Chenxi Huang, Binti Youssouf Mahboubat, Yifeng Ding, Qile Yang, Jia Wang, Min Zhou, Xiaohong Wang,
Development of a rapid Salmonella detection method via phage-conjugated magnetic bead separation coupled with real-time PCR quantification,
LWT,
Volume 142,
2021,
111075,
ISSN 0023-6438,
https://doi.org/10.1016/j.lwt.2021.111075.
(http://www.sciencedirect.com.group21-s.aronip.com/science/article/pii/S0023643821002280)

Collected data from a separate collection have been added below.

text \<open>Gronwall for the energy \<open>z = w\<^sup>2 + w'\<^sup>2\<close>: as \<open>\<alpha>\<close> and \<open>\<beta>\<close> are bounded on \<open>[c, d]\<close>,
  \<open>z' \<ge> -K z\<close> there, so \<open>z d = 0\<close> forces \<open>z c = 0\<close>.\<close>
lemma linear_second_order_ode_backward_unique:
  fixes w w' \<alpha> \<beta> :: "real \<Rightarrow> real"
  assumes "c \<le> d"
    and w_deriv: "\<And>y. (w has_real_derivative w' y) (at y)"
    and w'_deriv: "\<And>y. (w' has_real_derivative \<alpha> y * w y + \<beta> y * w' y) (at y)"
    and "continuous_on {c..d} \<alpha>" "continuous_on {c..d} \<beta>"
    and "w d = 0" "w' d = 0"
  shows "w c = 0"
proof -
  obtain A where A: "\<And>y. y \<in> {c..d} \<Longrightarrow> \<bar>\<alpha> y\<bar> \<le> A"
    using continuous_on_compact_bound[OF compact_Icc \<open>continuous_on {c..d} \<alpha>\<close>] by auto
  obtain B where B: "\<And>y. y \<in> {c..d} \<Longrightarrow> \<bar>\<beta> y\<bar> \<le> B"
    using continuous_on_compact_bound[OF compact_Icc \<open>continuous_on {c..d} \<beta>\<close>] by auto
  define z where "z y = (w y)^2 + (w' y)^2" for y
  define z' where "z' y = 2 * (w y * w' y) + \<alpha> y * (2 * (w y * w' y)) + 2 * \<beta> y * (w' y)^2" for y
  have z_deriv: "(z has_real_derivative z' y) (at y)" for y
  proof -
    have "(z has_real_derivative 2 * w y * w' y + 2 * w' y * (\<alpha> y * w y + \<beta> y * w' y)) (at y)"
      unfolding z_def[abs_def]
      by (rule derivative_eq_intros w_deriv w'_deriv refl | simp)+
    then show ?thesis
      by (simp add: z'_def algebra_simps power2_eq_square)
  qed
  have z'_lower: "- (1 + A + 2 * B) * z y \<le> z' y" if "c \<le> y" "y \<le> d" for y
  proof -
    have cross: "\<bar>2 * (w y * w' y)\<bar> \<le> z y"
    proof -
      have "0 \<le> (\<bar>w y\<bar> - \<bar>w' y\<bar>)^2" by simp
      then show ?thesis
        by (simp add: z_def abs_mult power2_diff)
    qed
    have "\<bar>\<alpha> y * (2 * (w y * w' y))\<bar> \<le> A * z y"
      unfolding abs_mult using A[of y] that cross by (intro mult_mono) auto
    moreover have "\<bar>2 * \<beta> y * (w' y)^2\<bar> \<le> 2 * B * z y"
      unfolding abs_mult using B[of y] that by (intro mult_mono) (auto simp: z_def)
    ultimately show ?thesis
      using cross by (simp add: z'_def algebra_simps)
  qed
  have "exp ((1 + A + 2 * B) * c) * z c \<le> 0"
    using gronwall_exp_weighted_le[OF \<open>c \<le> d\<close> z_deriv z'_lower] \<open>w d = 0\<close> \<open>w' d = 0\<close>
    by (simp add: z_def)
  then show ?thesis
    unfolding z_def mult_le_0_iff by (smt (verit) exp_gt_zero zero_le_power2 zero_eq_power2)
qed

lemma log_deriv_has_real_derivative:
  fixes f f' f'' :: "real \<Rightarrow> real"
  assumes "f x \<noteq> 0" "(f has_real_derivative f' x) (at x)" "(f' has_real_derivative f'' x) (at x)"
  shows "((\<lambda>x. f' x / f x) has_real_derivative f'' x / f x - (f' x / f x)^2) (at x)"
  using DERIV_divide[OF assms(3,2,1)] assms(1)
  by (simp add: field_simps power2_eq_square)

lemma ground_state_functional_has_derivative:
  fixes f f' f'' V v v' v'' :: "real \<Rightarrow> real"
  assumes f_pos: "\<And>x. f x > 0"
    and f_deriv: "\<And>x. (f has_real_derivative f' x) (at x)"
    and f'_deriv: "\<And>x. (f' has_real_derivative f'' x) (at x)"
    and v_deriv: "\<And>x. (v has_real_derivative v' x) (at x)"
    and v'_deriv: "\<And>x. (v' has_real_derivative v'' x) (at x)"
    and eigen: "\<And>x. v'' x = (V x - \<omega>2) * v x"
  shows "((\<lambda>x. 2 * (v x * v' x) - 2 * (f' x / f x) * (v x)^2) has_real_derivative
      2 * (v' x - f' x / f x * v x)^2 + 2 * (V x - f'' x / f x - \<omega>2) * (v x)^2) (at x)"
proof -
  define g where "g x = f' x / f x" for x
  have g_deriv: "(g has_real_derivative f'' x / f x - (g x)^2) (at x)" for x
    unfolding g_def[abs_def] using f_pos[of x]
    by (intro log_deriv_has_real_derivative f_deriv f'_deriv) simp
  have "((\<lambda>x. 2 * (v x * v' x) - 2 * g x * (v x)^2) has_real_derivative 2 * (v' x * v' x + v x * v'' x)
      - 2 * ((f'' x / f x - (g x)^2) * (v x)^2 + g x * (2 * v x * v' x))) (at x)"
    by (rule derivative_eq_intros g_deriv v_deriv v'_deriv refl | simp)+
  also have "2 * (v' x * v' x + v x * v'' x)
      - 2 * ((f'' x / f x - (g x)^2) * (v x)^2 + g x * (2 * v x * v' x))
      = 2 * (v' x - g x * v x)^2 + 2 * (V x - f'' x / f x - \<omega>2) * (v x)^2"
    by (simp add: eigen power2_eq_square algebra_simps)
  finally show ?thesis
    by (simp add: g_def)
qed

Abstract: In this study, we used the lytic Siphovirus phage LPST10 to develop a rapid and accurate detection method for Salmonella. Salmonella cells were separated from complex food matrices through magnetic separation, then subjected to SYBR green-based real-time quantitative PCR detection. Bacterial concentrations of 102–106 (Colony forming unit per milliliter, CFU/mL), with 200 of μg LPST10 phage-MBs, and 15 min reactions at 37 °C were found to be optimal to allow the phage-magnetic beads to capture the Salmonella cells. The phage-magnetic beads specifically recognized Salmonella cells of different serotypes. Under optimal conditions, DNA was extracted from the resulting bacteria phage-magnetic bead complexes through either alkaline lysis with sodium dodecyl sulfate (SDS) or boiling. The detection assay was subsequently assessed in food matrices (Tryptic soy broth medium, milk, and lettuce). The detection limit reached <30 CFU/mL in the food matrices. The entire assay, including bacterial capture, DNA extraction, and real-time polymerase chain reaction (RT-PCR) detection, could be completed within 1.5 h. This approach using a lytic Siphovirus phage has potential for rapid, specific, and accurate detection of Salmonella enterica subsp.enterica in different food matrices.
Keywords: Magnetic beads; Real-time PCR (Quantitative PCR); Salmonella biorecognition agent; Salmonella Typhimurium; Siphovirus


摘要：本研究利用裂解型Siphovirus噬菌體LPST10建立了一種快速、準(zhǔn)確的沙門氏菌檢測(cè)方法。用磁分離法從復(fù)雜的食品基質(zhì)中分離沙門氏菌細(xì)胞，然后進(jìn)行SYBR-green實(shí)時(shí)定量PCR檢測(cè)。細(xì)菌濃度為102–106（每毫升菌落形成單位，CFU/mL），200μg LPST10噬菌體MBs，37℃反應(yīng)15分鐘°發(fā)現(xiàn)C是最適合讓噬菌體磁珠捕捉沙門氏菌細(xì)胞的。噬菌體磁珠能特異識(shí)別不同血清型的沙門氏菌細(xì)胞。在最佳條件下，通過十二烷基硫酸鈉（SDS）堿解或煮沸的方法從細(xì)菌噬菌體磁珠復(fù)合物中提取DNA。隨后在食物基質(zhì)（胰蛋白酶大豆肉湯培養(yǎng)基、牛奶和萵苣）中評(píng)估檢測(cè)試驗(yàn)。食品基質(zhì)的檢出限<30cfu/mL。整個(gè)檢測(cè)，包括細(xì)菌捕獲、DNA提取和實(shí)時(shí)聚合酶鏈反應(yīng)（RT-PCR）檢測(cè)，可在1.5h內(nèi)完成。這種利用裂解性Siphovirus噬菌體的方法有可能快速、特異、準(zhǔn)確地檢測(cè)不同食物基質(zhì)中的腸道沙門氏菌亞種。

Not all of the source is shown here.